This may look like a neatly arranged stack of numbers, but it’s actually a mathematical treasure trove. Indian mathematicians called it the Staircase of Mount Meru. In Iran, it’s the Khayyam Triangle. And in China, it’s Yang Hui’s Triangle. To much of the Western world, it’s known as Pascal’s Triangle after French mathematician Blaise Pascal, which seems a bit unfair since he was clearly late to the party, but he still had a lot to contribute. So what is it about this that has so intrigued mathematicians the world over? In short, it’s full of patterns and secrets. First and foremost, there’s the pattern that generates it.
Start with one and imagine invisible zeros on either side of it. Add them together in pairs, and you’ll generate the next row. Now, do that again and again. Keep going and you’ll wind up with something like this, though really Pascal’s Triangle goes on infinitely. Now, each row corresponds to what’s called the coefficients of a binomial expansion of the form (x+y)^n, where n is the number of the row, and we start counting from zero. So if you make n=2 and expand it, you get (x^2) + 2xy + (y^2). The coefficients, or numbers in front of the variables, are the same as the numbers in that row of Pascal’s Triangle.
You’ll see the same thing with n=3, which expands to this. So the triangle is a quick and easy way to look up all of these coefficients. But there’s much more. For example, add up the numbers in each row, and you’ll get successive powers of two. Or in a given row, treat each number as part of a decimal expansion. In other words, row two is (1×1) + (2×10) + (1×100). You get 121, which is 11^2. And take a look at what happens when you do the same thing to row six. It adds up to 1,771,561, which is 11^6, and so on. There are also geometric applications. Look at the diagonals.
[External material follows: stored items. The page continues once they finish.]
lemma approx_num_geI:
  assumes "\<And>P. linear_l2 P \<Longrightarrow> rank_le P (N - 1) \<Longrightarrow>
    \<exists>f\<in>l2. l2norm f \<le> 1 \<and> \<delta> \<le> l2norm (\<lambda>k. T f k - P f k)"
  shows "\<delta> \<le> approx_num T N"
  unfolding approx_num_def
proof (rule INF_greatest, clarify)
  fix P assume "linear_l2 P" and "rank_le P (N - 1)"
  then obtain f where "f \<in> l2" "l2norm f \<le> 1" "\<delta> \<le> l2norm (\<lambda>k. T f k - P f k)"
    using assms by blast
  then show "\<delta> \<le> opnorm (\<lambda>f k. T f k - P f k)"
    unfolding opnorm_def by (intro SUP_upper2[of f]) auto
qed

section \<open>The local quantities l and L\<close>

lemma lagrange_identity_complex:
  fixes x y :: "'i \<Rightarrow> complex"
  shows "(\<Sum>k\<in>I. \<Sum>n\<in>I. (cmod (y n * x k - y k * x n))\<^sup>2)
      = 2 * (\<Sum>k\<in>I. (cmod (y k))\<^sup>2) * (\<Sum>k\<in>I. (cmod (x k))\<^sup>2) - 2 * (cmod (\<Sum>k\<in>I. x k * cnj (y k)))\<^sup>2"
proof -
  define z where "z = (\<Sum>k\<in>I. x k * cnj (y k))"
  have expand: "complex_of_real ((cmod (y n * x k - y k * x n))\<^sup>2)
     = x k * cnj (x k) * (y n * cnj (y n)) + y k * cnj (y k) * (x n * cnj (x n))
       - x k * cnj (y k) * cnj (x n * cnj (y n)) - cnj (x k * cnj (y k)) * (x n * cnj (y n))" for k n
    unfolding complex_norm_square by (simp add: algebra_simps)
  have "complex_of_real (\<Sum>k\<in>I. \<Sum>n\<in>I. (cmod (y n * x k - y k * x n))\<^sup>2)
     = 2 * (\<Sum>k\<in>I. y k * cnj (y k)) * (\<Sum>k\<in>I. x k * cnj (x k)) - 2 * (z * cnj z)"
    unfolding of_real_sum expand z_def
    by (simp only: sum.distrib sum_subtractf sum_product[symmetric] cnj_sum) (simp add: algebra_simps)
  also have "\<dots> = complex_of_real (2 * (\<Sum>k\<in>I. (cmod (y k))\<^sup>2) * (\<Sum>k\<in>I. (cmod (x k))\<^sup>2) - 2 * (cmod z)\<^sup>2)"
    by (simp only: of_real_diff of_real_mult of_real_numeral of_real_sum complex_norm_square)
  finally show ?thesis unfolding z_def of_real_eq_iff .
qed

lemma sum_Suc_atLeastAtMost_eq_diff:
  fixes f :: "nat \<Rightarrow> 'a::ab_group_add"
  assumes "k \<le> n"
  shows "(\<Sum>j\<in>{Suc k..n}. f j) = (\<Sum>j\<le>n. f j) - (\<Sum>j\<le>k. f j)"
proof -
  have "{..n} = {..k} \<union> {Suc k..n}" using assms by auto
  then show ?thesis by (simp add: sum.union_disjoint)
qed

lemma lI_eq_R_op:
  "lI \<alpha> a b f = (\<Sum>k\<in>{a..b}. \<Sum>n\<in>{a..b} - {k}. (cmod (\<alpha> n * R_op \<alpha> f k - \<alpha> k * R_op \<alpha> f n))\<^sup>2)"
proof -
  have "cmod (\<alpha> k * \<alpha> n * (\<Sum>j\<in>{min k n + 1..max k n}. f j))
      = cmod (\<alpha> n * R_op \<alpha> f k - \<alpha> k * R_op \<alpha> f n)" for k n
  proof (cases "k \<le> n")
    case True
    then have "\<alpha> k * \<alpha> n * (\<Sum>j\<in>{min k n + 1..max k n}. f j) = - (\<alpha> n * R_op \<alpha> f k - \<alpha> k * R_op \<alpha> f n)"
      by (simp add: sum_Suc_atLeastAtMost_eq_diff R_op_def algebra_simps)
    then show ?thesis by (metis norm_minus_cancel)
  next
    case False
    then have "\<alpha> k * \<alpha> n * (\<Sum>j\<in>{min k n + 1..max k n}. f j) = \<alpha> n * R_op \<alpha> f k - \<alpha> k * R_op \<alpha> f n"
      by (simp add: sum_Suc_atLeastAtMost_eq_diff R_op_def algebra_simps)
    then show ?thesis by simp
  qed
  then show ?thesis unfolding lI_def by simp
qed

lemma lI_le_R_op: "lI \<alpha> a b f \<le> 2 * mu \<alpha> a b * (\<Sum>k\<in>{a..b}. (cmod (R_op \<alpha> f k))\<^sup>2)"
proof -
  have "lI \<alpha> a b f \<le> (\<Sum>k\<in>{a..b}. \<Sum>n\<in>{a..b}. (cmod (\<alpha> n * R_op \<alpha> f k - \<alpha> k * R_op \<alpha> f n))\<^sup>2)"
    unfolding lI_eq_R_op by (intro sum_mono sum_mono2) auto
  also have "\<dots> \<le> 2 * mu \<alpha> a b * (\<Sum>k\<in>{a..b}. (cmod (R_op \<alpha> f k))\<^sup>2)"
    unfolding lagrange_identity_complex mu_def by simp
  finally show ?thesis .
qed

lemma lI_mult_on_interval:
  assumes "\<forall>k\<in>{a..b}. f k = z * g k"
  shows "lI \<alpha> a b f = (cmod z)\<^sup>2 * lI \<alpha> a b g"
proof -
  have "(cmod (\<alpha> k * \<alpha> n * (\<Sum>j\<in>{min k n + 1..max k n}. f j)))\<^sup>2
      = (cmod z)\<^sup>2 * (cmod (\<alpha> k * \<alpha> n * (\<Sum>j\<in>{min k n + 1..max k n}. g j)))\<^sup>2"
    if "k \<in> {a..b}" "n \<in> {a..b}" for k n
  proof -
    have "{min k n + 1..max k n} \<subseteq> {a..b}" using that by (auto simp: min_def max_def)
    then have "(\<Sum>j\<in>{min k n + 1..max k n}. f j) = z * (\<Sum>j\<in>{min k n + 1..max k n}. g j)"
      using assms by (auto simp: sum_distrib_left intro!: sum.cong)
    then show ?thesis by (simp add: norm_mult power_mult_distrib)
  qed
  then show ?thesis
    unfolding lI_def sum_distrib_left by (intro sum.cong refl) auto
qed

lemma mu_nonneg: "0 \<le> mu \<alpha> a b"
  unfolding mu_def by (simp add: sum_nonneg)

lemma LI_gt_obtains_lI_gt:
  assumes "0 \<le> \<epsilon>" and "\<epsilon> < LI \<alpha> a b"
  obtains f where "\<forall>k. k \<notin> {a..b} \<longrightarrow> f k = 0" and "(\<Sum>k\<in>{a..b}. (cmod (f k))\<^sup>2) \<le> 1"
    and "\<epsilon>\<^sup>2 * mu \<alpha> a b < lI \<alpha> a b f" and "0 < mu \<alpha> a b"
proof -
  define S where "S = {lI \<alpha> a b f / mu \<alpha> a b | f.
    (\<forall>k. k \<notin> {a..b} \<longrightarrow> f k = 0) \<and> (\<Sum>k\<in>{a..b}. (cmod (f k))\<^sup>2) \<le> 1}"
  have "mu \<alpha> a b \<noteq> 0" using assms by (auto simp: LI_def)
  then have mu_pos: "0 < mu \<alpha> a b" using mu_nonneg[of \<alpha> a b] by simp
  have "sqrt (\<epsilon>\<^sup>2) < sqrt (Sup S)"
    using assms mu_pos by (simp add: LI_def S_def)
  then have "\<epsilon>\<^sup>2 < Sup S" by (simp only: real_sqrt_less_iff)
  moreover have "0 \<in> S"
    unfolding S_def by (rule CollectI, rule exI[of _ "\<lambda>_. 0"]) (simp add: lI_def)
  \<comment> \<open>if S is unbounded, Sup S is a junk value, but S then has large elements anyway\<close>
  ultimately have "\<exists>x\<in>S. \<epsilon>\<^sup>2 < x"
    by (metis bdd_above_def empty_iff less_cSup_iff not_le_imp_less)
  then show ?thesis
    using that mu_pos by (auto simp: S_def pos_less_divide_eq)
qed

definition LI_witness :: "(nat \<Rightarrow> complex) \<Rightarrow> real \<Rightarrow> nat \<Rightarrow> nat \<Rightarrow> (nat \<Rightarrow> complex) \<Rightarrow> bool" where
  "LI_witness \<alpha> \<epsilon> a b f \<longleftrightarrow> (\<forall>k. k \<notin> {a..b} \<longrightarrow> f k = 0) \<and> (\<Sum>k\<in>{a..b}. (cmod (f k))\<^sup>2) = 1
     \<and> 0 < mu \<alpha> a b \<and> \<epsilon>\<^sup>2 * mu \<alpha> a b < lI \<alpha> a b f"

lemma LI_witness_exists:
  assumes "0 \<le> \<epsilon>" and "\<epsilon> < LI \<alpha> a b"
  obtains f where "LI_witness \<alpha> \<epsilon> a b f"
proof -
  obtain g where supp: "\<forall>k. k \<notin> {a..b} \<longrightarrow> g k = 0" and norm: "(\<Sum>k\<in>{a..b}. (cmod (g k))\<^sup>2) \<le> 1"
    and large: "\<epsilon>\<^sup>2 * mu \<alpha> a b < lI \<alpha> a b g" and mu_pos: "0 < mu \<alpha> a b"
    using LI_gt_obtains_lI_gt[OF assms] .
  define s where "s = (\<Sum>k\<in>{a..b}. (cmod (g k))\<^sup>2)"
  have lI_pos: "0 < lI \<alpha> a b g"
    using large mu_pos by (smt (verit) mult_nonneg_nonneg zero_le_power2)
  have "s \<noteq> 0"
  proof
    assume "s = 0"
    then have "\<forall>k\<in>{a..b}. g k = 0 * g k" by (simp add: s_def sum_nonneg_eq_0_iff)
    then show False using lI_pos lI_mult_on_interval[of a b g 0 g \<alpha>] by simp
  qed
  then have s_pos: "0 < s" by (simp add: s_def order_less_le sum_nonneg)
  define f where "f k = g k / sqrt s" for k
  have scaled: "\<forall>k\<in>{a..b}. f k = complex_of_real (1 / sqrt s) * g k"
    by (simp add: f_def)
  have "(\<Sum>k\<in>{a..b}. (cmod (f k))\<^sup>2) = s / s"
    using s_pos by (simp add: f_def s_def norm_divide power_divide flip: sum_divide_distrib)
  moreover have "lI \<alpha> a b g \<le> lI \<alpha> a b f"
  proof -
    have "lI \<alpha> a b g \<le> lI \<alpha> a b g / s"
      using lI_pos s_pos norm by (simp add: s_def le_divide_eq)
    also have "\<dots> = lI \<alpha> a b f"
      using lI_mult_on_interval[OF scaled] s_pos by (simp add: norm_divide power_divide)
    finally show ?thesis .
  qed
  ultimately have "LI_witness \<alpha> \<epsilon> a b f"
    using supp large mu_pos s_pos by (auto simp: LI_witness_def f_def)
  then show ?thesis by (rule that)
qed

lemma LI_witness_R_op_lower_bound:
  assumes "LI_witness \<alpha> \<epsilon> a b f" and "\<forall>k\<in>{a..b}. F k = z * f k"
  shows "\<epsilon>\<^sup>2 / 2 * (cmod z)\<^sup>2 \<le> (\<Sum>k\<in>{a..b}. (cmod (R_op \<alpha> F k))\<^sup>2)"
proof -
  have mu_pos: "0 < mu \<alpha> a b" and large: "\<epsilon>\<^sup>2 * mu \<alpha> a b < lI \<alpha> a b f"
    using assms(1) by (auto simp: LI_witness_def)
  have "mu \<alpha> a b * ((cmod z)\<^sup>2 * \<epsilon>\<^sup>2) \<le> (cmod z)\<^sup>2 * lI \<alpha> a b f"
    using mult_right_mono[OF less_imp_le[OF large], of "(cmod z)\<^sup>2"] by (simp add: algebra_simps)
  also have "\<dots> = lI \<alpha> a b F"
    using lI_mult_on_interval[OF assms(2)] ..
  also have "\<dots> \<le> mu \<alpha> a b * (2 * (\<Sum>k\<in>{a..b}. (cmod (R_op \<alpha> F k))\<^sup>2))"
    using lI_le_R_op[of \<alpha> a b F] by simp
  finally have "(cmod z)\<^sup>2 * \<epsilon>\<^sup>2 \<le> 2 * (\<Sum>k\<in>{a..b}. (cmod (R_op \<alpha> F k))\<^sup>2)"
    using mu_pos by simp
  then show ?thesis by (simp add: field_simps)
qed

section \<open>Blocks of the (\<epsilon>,L)-sequence\<close>

lemma eLseq_finite_le:
  assumes "eLseq \<alpha> \<epsilon> N \<noteq> \<infinity>" and "m \<le> N"
  shows "eLseq \<alpha> \<epsilon> m \<noteq> \<infinity>"
  using assms by (induction N) (auto simp: le_Suc_eq split: enat.splits)

lemma eLseq_Suc_enat:
  assumes "eLseq \<alpha> \<epsilon> m = enat a" and "eLseq \<alpha> \<epsilon> (Suc m) = enat b"
  shows "a < b \<and> \<epsilon> < LI \<alpha> a (b - 1)"
proof -
  have ex: "\<exists>t. a < t \<and> \<epsilon> < LI \<alpha> a (t - 1)"
    using assms by (auto split: if_splits)
  then have "b = (LEAST t. a < t \<and> \<epsilon> < LI \<alpha> a (t - 1))"
    using assms by simp
  then show ?thesis using LeastI_ex[OF ex] by simp
qed

lemma eLseq_finite_obtains_blocks:
  assumes "eLseq \<alpha> \<epsilon> N \<noteq> \<infinity>"
  obtains c where "strict_mono c" and "c 0 = 0" and "\<forall>j<N. \<epsilon> < LI \<alpha> (c j) (c (Suc j) - 1)"
proof -
  \<comment> \<open>beyond N, continue by unit steps so that c is strictly monotone everywhere\<close>
  define c where "c m = (if m \<le> N then the_enat (eLseq \<alpha> \<epsilon> m) else the_enat (eLseq \<alpha> \<epsilon> N) + (m - N))"
    for m
  have enat_c: "eLseq \<alpha> \<epsilon> m = enat (c m)" if "m \<le> N" for m
    using eLseq_finite_le[OF assms that] that by (auto simp: c_def)
  have block: "c j < c (Suc j) \<and> \<epsilon> < LI \<alpha> (c j) (c (Suc j) - 1)" if "j < N" for j
    using eLseq_Suc_enat[OF enat_c enat_c] that by simp
  have "c j < c (Suc j)" for j
    using block[of j] by (cases "j < N") (auto simp: c_def)
  then have "strict_mono c" by (simp add: strict_mono_Suc_iff)
  moreover have "c 0 = 0" by (simp add: c_def zero_enat_def)
  ultimately show ?thesis using that block by blast
qed

lemma sum_blocks_mono:
  fixes c :: "nat \<Rightarrow> nat"
  assumes "mono c"
  shows "(\<Sum>j<N. \<Sum>k\<in>{c j..<c (Suc j)}. h k) = (\<Sum>k\<in>{c 0..<c N}. h k)"
proof (induction N)
  case (Suc N)
  have "c 0 \<le> c N" "c N \<le> c (Suc N)" using assms by (simp_all add: monoD)
  then show ?case using Suc by (simp add: sum.atLeastLessThan_concat)
qed simp

lemma mono_block_unique:
  fixes c :: "nat \<Rightarrow> nat"
  assumes "mono c" and "k \<in> {c i..<c (Suc i)}" and "k \<in> {c j..<c (Suc j)}"
  shows "i = j"
  using monoD[OF assms(1), of "Suc i" j] monoD[OF assms(1), of "Suc j" i] assms(2,3)
  by (cases i j rule: linorder_cases) auto

context
  fixes \<alpha> :: "nat \<Rightarrow> complex" and \<epsilon> :: real
    and c :: "nat \<Rightarrow> nat" and f :: "nat \<Rightarrow> nat \<Rightarrow> complex" and N :: nat
  assumes strict_mono_c: "strict_mono c"
    and witnesses: "\<forall>j<N. LI_witness \<alpha> \<epsilon> (c j) (c (Suc j) - 1) (f j)"
begin

lemma block_atLeastAtMost_eq: "{c j..c (Suc j) - 1} = {c j..<c (Suc j)}"
  using strict_mono_c[THEN strict_monoD, of j "Suc j"] by auto

lemma witness_zero_off_block: "j < N \<Longrightarrow> k \<notin> {c j..<c (Suc j)} \<Longrightarrow> f j k = 0"
  using witnesses unfolding LI_witness_def block_atLeastAtMost_eq by blast

lemma combination_on_block:
  assumes "j < N" and "k \<in> {c j..<c (Suc j)}"
  shows "(\<Sum>i<N. z i * f i k) = z j * f j k"
proof -
  have "f i k = 0" if "i \<in> {..<N} - {j}" for i
    using that assms witness_zero_off_block mono_block_unique[OF strict_mono_mono[OF strict_mono_c]]
    by blast
  then show ?thesis using assms(1) by (simp add: sum.remove)
qed

lemma combination_beyond_blocks:
  assumes "c N \<le> k"
  shows "(\<Sum>i<N. z i * f i k) = 0"
proof -
  have "f i k = 0" if "i < N" for i
    using that assms witness_zero_off_block strict_mono_less_eq[OF strict_mono_c, of "Suc i" N]
    by fastforce
  then show ?thesis by simp
qed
The first two aren’t very interesting: all ones, and then the positive integers, also known as natural numbers. But the numbers in the next diagonal are called the triangular numbers because if you take that many dots, you can stack them into equilateral triangles. The next diagonal has the tetrahedral numbers because similarly, you can stack that many spheres into tetrahedra. Or how about this: shade in all of the odd numbers. It doesn’t look like much when the triangle’s small, but if you add thousands of rows, you get a fractal known as Sierpinski’s Triangle. This triangle isn’t just a mathematical work of art. It’s also quite useful, especially when it comes to probability and calculations in the domain of combinatorics.
Say you want to have five children, and would like to know the probability of having your dream family of three girls and two boys. In the binomial expansion, that corresponds to girl plus boy to the fifth power. So we look at the row five, where the first number corresponds to five girls, and the last corresponds to five boys. The third number is what we’re looking for.
Ten out of the sum of all the possibilities in the row. so 10/32, or 31.25%. Or, if you’re randomly picking a five-player basketball team out of a group of twelve friends, how many possible groups of five are there? In combinatoric terms, this problem would be phrased as twelve choose five, and could be calculated with this formula, or you could just look at the sixth element of row twelve on the triangle and get your answer. The patterns in Pascal’s Triangle are a testament to the elegantly interwoven fabric of mathematics. And it’s still revealing fresh secrets to this day. For example, mathematicians recently discovered a way to expand it to these kinds of polynomials. What might we find next? Well, that’s up to you.